Concurrency and Locking:
- Uses database-level locks around critical update operations (update_progress and get_ongoing_doc_name) to ensure consistency.
- On macOS, locking is skipped due to environment-specific behavior.
Redis Integration:
- Tasks are enqueued into Redis queues with priority-based queue names.
- Cancellation flags are managed in Redis keys.
Reuse of Previous Task Chunks:
- To optimize processing, completed task chunks from previous runs are reused if task digest and page ranges match.
- This avoids redundant chunk processing and speeds up re-parsing.

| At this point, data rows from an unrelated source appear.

text \<open>After a phase change making \<open>\<langle>g, p\<rangle>\<close> real and nonnegative, the difference of the two
  projections factors through \<open>g - p\<close> and \<open>g + p\<close>, whose lengths multiply to
  \<open>2 * sqrt (1 - \<bar>\<langle>g, p\<rangle>\<bar>^2)\<close>.\<close>
lemma trace_pairing_ket_bra_diff_bound:
  fixes e f :: "nat \<Rightarrow> complex^'n"
  assumes e: "orthonormal_basis e" and f: "orthonormal_or_zero CARD('n) f"
    and g: "norm g = 1" and p: "norm p = 1"
  shows "cmod (trace_pairing f e (ket_bra g - ket_bra p)) \<le> 2 * sqrt (1 - cmod \<langle>g, p\<rangle> ^ 2)"
proof -
  obtain c where c: "cmod c = 1" "cnj c * \<langle>g, p\<rangle> = of_real (cmod \<langle>g, p\<rangle>)"
    using unimodular_phase .
  define t where "t = cmod \<langle>g, p\<rangle>"
  define g' where "g' = c *s g"
  have "norm g' = 1" and "inner g' p = t"
    using c g by (simp_all add: g'_def t_def norm_scale_vec inner_vec_eq_Re_cinner_vec
        cinner_vec_scale_left)
  then have norm_diff: "norm (g' - p) ^ 2 = 2 - 2 * t" and norm_add: "norm (g' + p) ^ 2 = 2 + 2 * t"
    using p dot_norm[of g' p] dot_norm_neg[of g' p] by simp_all
  have "norm (g' - p) * norm (g' + p) = sqrt ((2 - 2 * t) * (2 + 2 * t))"
    by (simp add: real_sqrt_mult flip: norm_diff norm_add)
  also have "\<dots> = sqrt (2^2 * (1 - t ^ 2))"
    by (rule arg_cong[where f = sqrt]) (simp add: algebra_simps power2_eq_square)
  also have "\<dots> = 2 * sqrt (1 - t ^ 2)"
    by (subst real_sqrt_mult) simp
  finally have norms: "norm (g' - p) * norm (g' + p) = 2 * sqrt (1 - t ^ 2)" .
  have "ket_bra g - ket_bra p
      = cscale_mat (1/2) (outer_prod (g' - p) (g' + p) + outer_prod (g' + p) (g' - p))"
    by (simp add: g'_def ket_bra_unimodular_scale[OF c(1)] flip: ket_bra_diff_eq_outer_prod)
  then have "cmod (trace_pairing f e (ket_bra g - ket_bra p))
      \<le> (cmod (trace_pairing f e (outer_prod (g' - p) (g' + p)))
         + cmod (trace_pairing f e (outer_prod (g' + p) (g' - p)))) / 2"
    by (simp add: trace_pairing_add trace_pairing_cscale_mat norm_mult norm_triangle_ineq)
  also have "\<dots> \<le> (norm (g' - p) * norm (g' + p) + norm (g' + p) * norm (g' - p)) / 2"
    by (intro divide_right_mono add_mono trace_pairing_outer_prod_bound[OF e f]) auto
  finally show ?thesis
    using norms by (simp add: t_def mult.commute)
qed
(* Let $\kappa>-1$ and let $ds^2_\kappa$ be the Jensen metric on the Stiefel variety $V(n,r)$, i.e. the Riemannian metric whose kinetic energy function on $T^*V(n,r)$ is $$T_\kappa(X,P)=\tfrac12\operatorname{tr}(P^TP)-\left(\tfrac12+\kappa\right)\operatorname{tr}((X^TP)^2).$$ Then the Legendre transformation $TV(n,r)\to T^*V(n,r)$ determined by $ds^2_\kappa$ and its inverse are given by $$P=\dot X-\frac{1+2\kappa}{2+2\kappa}\,XX^T\dot X,\qquad \dot X=P-(1+2\kappa)\,XP^TX,$$ respectively, where $(X,\dot X)$ satisfies $X^TX=\mathbf I_r$, $X^T\dot X+\dot X^TX=0$ and $(X,P)$ satisfies $X^TX=\mathbf I_r$, $X^TP+P^TX=0$.
   Context: $V(n,r)=\{X\in M_{n,r}(\mathbb R): X^TX=\mathbf I_r\}$ is the Stiefel variety. Its tangent bundle is realized as pairs $(X,\dot X)$ of $n\times r$ matrices with $X^TX=\mathbf I_r$, $X^T\dot X+\dot X^TX=0$; its cotangent bundle is realized as pairs $(X,P)$ of $n\times r$ matrices with $X^TX=\mathbf I_r$, $X^TP+P^TX=0$, covectors being paired with tangent vectors by $\operatorname{tr}(P^T\dot X)$ (the restriction of the ambient Euclidean structure of $M_{n,r}(\mathbb R)$). Equivalently, $T_\kappa=\frac12\langle\Phi,\Phi\rangle+\frac12\kappa\langle\Psi,\Psi\rangle$ with $\Phi=PX^T-XP^T$, $\Psi=X^TP-P^TX$ and $\langle\eta_1,\eta_2\rangle=-\frac12\operatorname{tr}(\eta_1\eta_2)$. *)

theory Defs
  imports "HOL-Analysis.Analysis"
begin

text \<open>n x r real matrices are modelled as real^'r^'n (rows indexed by 'n, columns by 'r).\<close>

definition stiefel :: "real^'r^'n \<Rightarrow> bool" where
  "stiefel X \<longleftrightarrow> transpose X ** X = mat 1"

definition tangent_vec :: "real^'r^'n \<Rightarrow> real^'r^'n \<Rightarrow> bool" where
  "tangent_vec X V \<longleftrightarrow> transpose X ** V + transpose V ** X = 0"

text \<open>Covectors at X: X^T P + P^T X = 0 (same realisation, paired by trace).\<close>
definition cotangent_vec :: "real^'r^'n \<Rightarrow> real^'r^'n \<Rightarrow> bool" where
  "cotangent_vec X P \<longleftrightarrow> transpose X ** P + transpose P ** X = 0"

definition pairing :: "real^'r^'n \<Rightarrow> real^'r^'n \<Rightarrow> real" where
  "pairing P V = trace (transpose P ** V)"

definition T_kappa :: "real \<Rightarrow> real^'r^'n \<Rightarrow> real^'r^'n \<Rightarrow> real" where
  "T_kappa \<kappa> X P = 1/2 * trace (transpose P ** P)
      - (1/2 + \<kappa>) * trace ((transpose X ** P) ** (transpose X ** P))"

text \<open>Inverse Legendre transformation: the tangent vector V is the fibre derivative of
  T_kappa at the covector P, i.e. dT(P)[Q] = <Q, V> for all covectors Q at X.\<close>
definition inv_legendre_rel :: "real \<Rightarrow> real^'r^'n \<Rightarrow> real^'r^'n \<Rightarrow> real^'r^'n \<Rightarrow> bool" where
  "inv_legendre_rel \<kappa> X P V \<longleftrightarrow> cotangent_vec X P \<and> tangent_vec X V \<and>
     (\<forall>Q. cotangent_vec X Q \<longrightarrow>
        ((\<lambda>t. T_kappa \<kappa> X (P + t *\<^sub>R Q)) has_real_derivative pairing Q V) (at 0))"

definition legendre_rel :: "real \<Rightarrow> real^'r^'n \<Rightarrow> real^'r^'n \<Rightarrow> real^'r^'n \<Rightarrow> bool" where
  "legendre_rel \<kappa> X V P \<longleftrightarrow> inv_legendre_rel \<kappa> X P V"

end

theory Submission
  imports Defs
begin

text \<open>Expanding the quadratic form \<open>T_kappa\<close> along \<open>P + t Q\<close> and using cyclicity of the
  trace, its fibre derivative at \<open>P\<close> is the pairing with \<open>P - (1 + 2\<kappa>) X P\<^sup>T X\<close>; since the
  pairing is the Frobenius inner product, it determines tangent vectors. For a covector,
  \<open>X P\<^sup>T X = - X X\<^sup>T P\<close>, so both Legendre maps are of the form \<open>V \<mapsto> V + c X X\<^sup>T V\<close>. As
  \<open>X X\<^sup>T\<close> is idempotent, such maps compose by multiplying the factors \<open>1 + c\<close>, and
  \<open>(2 + 2\<kappa>) \<cdot> (1 - (1 + 2\<kappa>) / (2 + 2\<kappa>)) = 1\<close>.\<close>

lemma transpose_add: "transpose (A + B) = transpose A + transpose (B::'a::semiring_1^'n^'m)"
  by (vector transpose_def)

lemma transpose_diff: "transpose (A - B) = transpose A - transpose (B::'a::ring_1^'n^'m)"
  by (vector transpose_def)

lemma matrix_add_rdistrib: "((A::'a::semiring_1^'n^'m) + B) ** C = A ** C + B ** C"
  by (vector matrix_matrix_mult_def sum.distrib[symmetric] field_simps)

lemma matrix_diff_ldistrib: "(A::'a::ring_1^'n^'m) ** (B - C) = A ** B - A ** C"
  by (vector matrix_matrix_mult_def sum_subtractf[symmetric] field_simps)

lemma matrix_diff_rdistrib: "((A::'a::ring_1^'n^'m) - B) ** C = A ** C - B ** C"
  by (vector matrix_matrix_mult_def sum_subtractf[symmetric] field_simps)

lemma matrix_mul_minus_right: "(A::'a::ring_1^'n^'m) ** (- B) = - (A ** B)"
  by (vector matrix_matrix_mult_def sum_negf[symmetric])

lemma matrix_mul_scaleR_right: "A ** (c *\<^sub>R B) = c *\<^sub>R (A ** (B::real^'n^'m))"
  by (simp add: matrix_scalar_ac scalar_matrix_assoc)

lemma trace_scaleR: "trace (c *\<^sub>R (A::real^'n^'n)) = c * trace A"
  by (simp add: trace_def sum_distrib_left)

lemma trace_transpose: "trace (transpose (A::'a::semiring_1^'n^'n)) = trace A"
  by (simp add: trace_def transpose_def)

lemma trace_transpose_mul_comm: "trace (transpose A ** B) = trace (transpose B ** (A::real^'n^'m))"
  by (metis trace_transpose matrix_transpose_mul transpose_transpose)

lemma trace_transpose_mul_self: "trace (transpose A ** A) = (norm (A::real^'n^'m))\<^sup>2"
proof -
  have "trace (transpose A ** A) = (\<Sum>i\<in>UNIV. \<Sum>k\<in>UNIV. A$k$i * A$k$i)"
    by (simp add: trace_def matrix_matrix_mult_def transpose_def)
  also have "\<dots> = (\<Sum>k\<in>UNIV. \<Sum>i\<in>UNIV. A$k$i * A$k$i)"
    by (rule sum.swap)
  also have "\<dots> = (norm A)\<^sup>2"
    by (simp add: power2_norm_eq_inner inner_vec_def)
  finally show ?thesis .
qed

lemma tangent_vec_eq_cotangent_vec: "tangent_vec = cotangent_vec"
  by (simp add: fun_eq_iff tangent_vec_def cotangent_vec_def)

lemma cotangent_vec_diff:
  assumes "cotangent_vec X V" and "cotangent_vec X W"
  shows "cotangent_vec X (V - W)"
proof -
  have "transpose X ** (V - W) + transpose (V - W) ** X
      = (transpose X ** V + transpose V ** X) - (transpose X ** W + transpose W ** X)"
    by (simp add: matrix_diff_ldistrib matrix_diff_rdistrib transpose_diff)
  with assms show ?thesis by (simp add: cotangent_vec_def)
qed

lemma cotangent_vec_eqI:
  assumes "cotangent_vec X V" and "cotangent_vec X W"
    and "\<And>Q. cotangent_vec X Q \<Longrightarrow> pairing Q V = pairing Q W"
  shows "V = W"
proof -
  have "pairing (V - W) V = pairing (V - W) W"
    using assms by (simp add: cotangent_vec_diff)
  then have "(norm (V - W))\<^sup>2 = 0"
    by (simp add: pairing_def matrix_diff_ldistrib trace_sub trace_transpose_mul_self[symmetric])
  then show ?thesis by simp
qed

text \<open>For \<open>stiefel X\<close>, \<open>X X\<^sup>T\<close> is the orthogonal projection onto the column space of \<open>X\<close>,
  and \<open>stretch X c\<close> scales that component by \<open>1 + c\<close>.\<close>

definition stretch :: "real^'r^'n \<Rightarrow> real \<Rightarrow> real^'r^'n \<Rightarrow> real^'r^'n" where
  "stretch X c V = V + c *\<^sub>R (X ** transpose X ** V)"

lemma stretch_0 [simp]: "stretch X 0 V = V"
  by (simp add: stretch_def)

lemma stretch_stretch:
  assumes "stiefel X"
  shows "stretch X d (stretch X c V) = stretch X (c + d + c * d) V"
proof -
  have "X ** transpose X ** (X ** transpose X ** V) = X ** transpose X ** V"
    using assms by (simp add: stiefel_def matrix_mul_assoc) (metis matrix_mul_assoc matrix_mul_rid)
  then show ?thesis
    by (simp add: stretch_def matrix_add_ldistrib matrix_mul_scaleR_right
        scalar_matrix_assoc[symmetric] algebra_simps)
qed

lemma cotangent_vec_stretch:
  assumes "stiefel X" and "cotangent_vec X V"
  shows "cotangent_vec X (stretch X c V)"
proof -
  have "transpose X ** stretch X c V = (1 + c) *\<^sub>R (transpose X ** V)"
    using assms(1) by (simp add: stiefel_def stretch_def matrix_add_ldistrib matrix_mul_scaleR_right
        scalar_matrix_assoc[symmetric] matrix_mul_assoc algebra_simps)
  moreover have "transpose (stretch X c V) ** X = (1 + c) *\<^sub>R (transpose V ** X)"
    using assms(1) by (simp add: stiefel_def stretch_def transpose_add transpose_scalar
        matrix_transpose_mul matrix_add_rdistrib scalar_matrix_assoc[symmetric]
        matrix_mul_assoc[symmetric] algebra_simps)
  ultimately show ?thesis
    using assms(2) by (simp add: cotangent_vec_def scaleR_add_right[symmetric])
qed

lemma cotangent_vec_sandwich:
  assumes "cotangent_vec X P"
  shows "P - c *\<^sub>R (X ** transpose P ** X) = stretch X c P"
proof -
  have "transpose P ** X = - (transpose X ** P)"
    using assms by (simp add: cotangent_vec_def eq_neg_iff_add_eq_0 add.commute)
  then show ?thesis
    by (simp add: stretch_def matrix_mul_assoc[symmetric] matrix_mul_minus_right)
qed

lemma pairing_sandwich:
  "pairing Q (X ** transpose P ** X) = trace ((transpose X ** Q) ** (transpose X ** P))"
proof -
  have "pairing Q (X ** transpose P ** X) = trace ((transpose Q ** X) ** (transpose P ** X))"
    by (simp add: pairing_def matrix_mul_assoc)
  also have "\<dots> = trace ((transpose P ** X) ** (transpose Q ** X))"
    by (rule trace_mul_sym)
  also have "\<dots> = trace (transpose ((transpose X ** Q) ** (transpose X ** P)))"
    by (simp add: matrix_transpose_mul)
  finally show ?thesis by (simp add: trace_transpose)
qed

lemma square_add_scaleR:
  "(A + t *\<^sub>R B) ** (A + t *\<^sub>R B) = A ** A + t *\<^sub>R (A ** B + B ** A) + t\<^sup>2 *\<^sub>R (B ** (B::real^'n^'n))"
  by (simp add: matrix_add_ldistrib matrix_add_rdistrib matrix_mul_scaleR_right
      scalar_matrix_assoc[symmetric] power2_eq_square algebra_simps)

lemma T_kappa_add_scaleR:
  "T_kappa \<kappa> X (P + t *\<^sub>R Q) = T_kappa \<kappa> X P
     + t * pairing Q (P - (1 + 2*\<kappa>) *\<^sub>R (X ** transpose P ** X)) + t\<^sup>2 * T_kappa \<kappa> X Q"
proof -
  have "transpose (P + t *\<^sub>R Q) ** (P + t *\<^sub>R Q)
      = transpose P ** P + t *\<^sub>R (transpose P ** Q + transpose Q ** P) + t\<^sup>2 *\<^sub>R (transpose Q ** Q)"
    by (simp add: transpose_add transpose_scalar matrix_add_ldistrib matrix_add_rdistrib
        matrix_mul_scaleR_right scalar_matrix_assoc[symmetric] power2_eq_square algebra_simps)
  moreover have "transpose X ** (P + t *\<^sub>R Q) = transpose X ** P + t *\<^sub>R (transpose X ** Q)"
    by (simp add: matrix_add_ldistrib matrix_mul_scaleR_right)
  moreover have "pairing Q (P - (1 + 2*\<kappa>) *\<^sub>R (X ** transpose P ** X))
      = trace (transpose Q ** P) - (1 + 2*\<kappa>) * trace ((transpose X ** Q) ** (transpose X ** P))"
    by (simp add: pairing_sandwich[symmetric]) (simp add: pairing_def matrix_diff_ldistrib
        trace_sub matrix_mul_scaleR_right trace_scaleR)
  moreover have "trace ((transpose X ** P) ** (transpose X ** Q))
      = trace ((transpose X ** Q) ** (transpose X ** P))"
    by (rule trace_mul_sym)
  ultimately show ?thesis
    by (simp add: T_kappa_def square_add_scaleR trace_add trace_scaleR
        trace_transpose_mul_comm[of P Q]) (simp add: algebra_simps)
qed

lemma T_kappa_fibre_derivative:
  "((\<lambda>t. T_kappa \<kappa> X (P + t *\<^sub>R Q))
      has_real_derivative pairing Q (P - (1 + 2*\<kappa>) *\<^sub>R (X ** transpose P ** X))) (at 0)"
  unfolding T_kappa_add_scaleR by (auto intro!: derivative_eq_intros)

lemma inv_legendre_rel_iff_stretch:
  assumes X: "stiefel X" and P: "cotangent_vec X P"
  shows "inv_legendre_rel \<kappa> X P V \<longleftrightarrow> V = stretch X (1 + 2*\<kappa>) P"
proof -
  let ?V = "stretch X (1 + 2*\<kappa>) P"
  have deriv: "((\<lambda>t. T_kappa \<kappa> X (P + t *\<^sub>R Q)) has_real_derivative pairing Q ?V) (at 0)" for Q
    using T_kappa_fibre_derivative[of \<kappa> X P Q] unfolding cotangent_vec_sandwich[OF P] .
  have V: "cotangent_vec X ?V"
    using X P by (rule cotangent_vec_stretch)
  show ?thesis
  proof
    assume rel: "inv_legendre_rel \<kappa> X P V"
    show "V = ?V"
    proof (rule cotangent_vec_eqI)
      show "cotangent_vec X V"
        using rel by (simp add: inv_legendre_rel_def tangent_vec_eq_cotangent_vec)
      show "pairing Q V = pairing Q ?V" if "cotangent_vec X Q" for Q
        using rel that DERIV_unique[OF _ deriv] by (simp add: inv_legendre_rel_def)
    qed (rule V)
  next
    assume "V = ?V"
    then show "inv_legendre_rel \<kappa> X P V"
      using P V deriv by (simp add: inv_legendre_rel_def tangent_vec_eq_cotangent_vec)
  qed
qed

lemma legendre_rel_iff_stretch:
  assumes "\<kappa> > -1" and X: "stiefel X" and V: "cotangent_vec X V"
  shows "legendre_rel \<kappa> X V P \<longleftrightarrow> P = stretch X (- ((1 + 2*\<kappa>) / (2 + 2*\<kappa>))) V"
proof -
  let ?b = "1 + 2*\<kappa>" and ?a = "- ((1 + 2*\<kappa>) / (2 + 2*\<kappa>))"
  have inverse: "?b + ?a + ?b * ?a = 0" "?a + ?b + ?a * ?b = 0"
    using assms(1) by (simp_all add: field_simps)
  show ?thesis
  proof
    assume "legendre_rel \<kappa> X V P"
    then have "cotangent_vec X P" and "V = stretch X ?b P"
      using inv_legendre_rel_iff_stretch[OF X] by (auto simp: legendre_rel_def inv_legendre_rel_def)
    then show "P = stretch X ?a V"
      using inverse by (simp add: stretch_stretch[OF X])
  next
    assume P: "P = stretch X ?a V"
    then have "V = stretch X ?b P"
      using inverse by (simp add: stretch_stretch[OF X])
    moreover have "cotangent_vec X P"
      using P X V by (simp add: cotangent_vec_stretch)
    ultimately show "legendre_rel \<kappa> X V P"
      by (simp add: legendre_rel_def inv_legendre_rel_iff_stretch[OF X])
  qed
qed

theorem lemma1:
  fixes \<kappa> :: real and X :: "real^'r^'n"
  assumes "\<kappa> > -1" and "stiefel X"
  shows "(\<forall>V. tangent_vec X V \<longrightarrow>
            (\<forall>P. legendre_rel \<kappa> X V P \<longleftrightarrow>
                 P = V - ((1 + 2*\<kappa>) / (2 + 2*\<kappa>)) *\<^sub>R (X ** transpose X ** V)))
       \<and> (\<forall>P. cotangent_vec X P \<longrightarrow>
            (\<forall>V. inv_legendre_rel \<kappa> X P V \<longleftrightarrow>
                 V = P - (1 + 2*\<kappa>) *\<^sub>R (X ** transpose P ** X)))"
  using legendre_rel_iff_stretch[OF assms] inv_legendre_rel_iff_stretch[OF assms(2)]
  by (simp add: tangent_vec_eq_cotangent_vec cotangent_vec_sandwich stretch_def)

end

Interaction with Other Modules

Database Models:
- Uses Task, Document, Knowledgebase, Tenant, File2Document, and File Peewee ORM models for data retrieval and updates.
Document Parsing:
- Integrates with PdfParser and RAGFlowExcelParser to determine document dimensions (pages, rows).
Storage:
- Uses STORAGE_IMPL to fetch document binaries from storage buckets.
Redis:
- Uses REDIS_CONN for task queueing and cancellation signaling.
Utilities:
- Uses utilities for UUID generation, timestamps, and server queue naming.
Settings:
- Reads configurations from api.settings and rag.settings.
Other Services:
- Calls DocumentService for document-related operations like chunking config and knowledge base retrieval.
- Uses CommonService for generic database CRUD operations.

Visual Diagram

classDiagram
    class TaskService {
        +model
        +get_task(task_id)
        +get_tasks(doc_id)
        +update_chunk_ids(id, chunk_ids)
        +get_ongoing_doc_name()
        +do_cancel(id)
        +update_progress(id, info)
    }

    class DocumentService {
        +get_chunking_config(doc_id)
        +update_by_id(doc_id, updates)
        +get_knowledgebase_id(doc_id)
        +begin2parse(doc_id)
        +get_by_id(doc_id)
    }

    class RedisConnection {
        +queue_product(queue_name, message)
        +set(key, value)
        +get(key)
        +delete(ids, index_name, kb_id)
    }

    class Storage {
        +get(bucket, name)
    }

    TaskService ..> DocumentService : uses
    TaskService ..> RedisConnection : uses
    TaskService ..> Storage : uses

    %% Functions outside class
    class queue_tasks {
        +queue_tasks(doc, bucket, name, priority)
        +reuse_prev_task_chunks(task, prev_tasks, config)
        +cancel_all_task_of(doc_id)
        +has_canceled(task_id)
        +queue_dataflow(dsl, tenant_id, doc_id, task_id, flow_id, priority, callback)
    }

    queue_tasks ..> TaskService : uses
    queue_tasks ..> RedisConnection : uses
    queue_tasks ..> Storage : uses
    queue_tasks ..> DocumentService : uses

Summary

task_service.py is a foundational module in the InfiniFlow platform that orchestrates the lifecycle of document processing tasks. It efficiently manages task creation, chunking based on document type, progress and retry management, and task queueing in Redis. By supporting chunk reuse and sophisticated progress tracking, it boosts system performance and reliability in handling large-scale document processing workloads. This file is tightly integrated with the database layer, storage abstractions, and document parsing utilities, serving as a bridge between the data persistence layer and asynchronous processing infrastructure.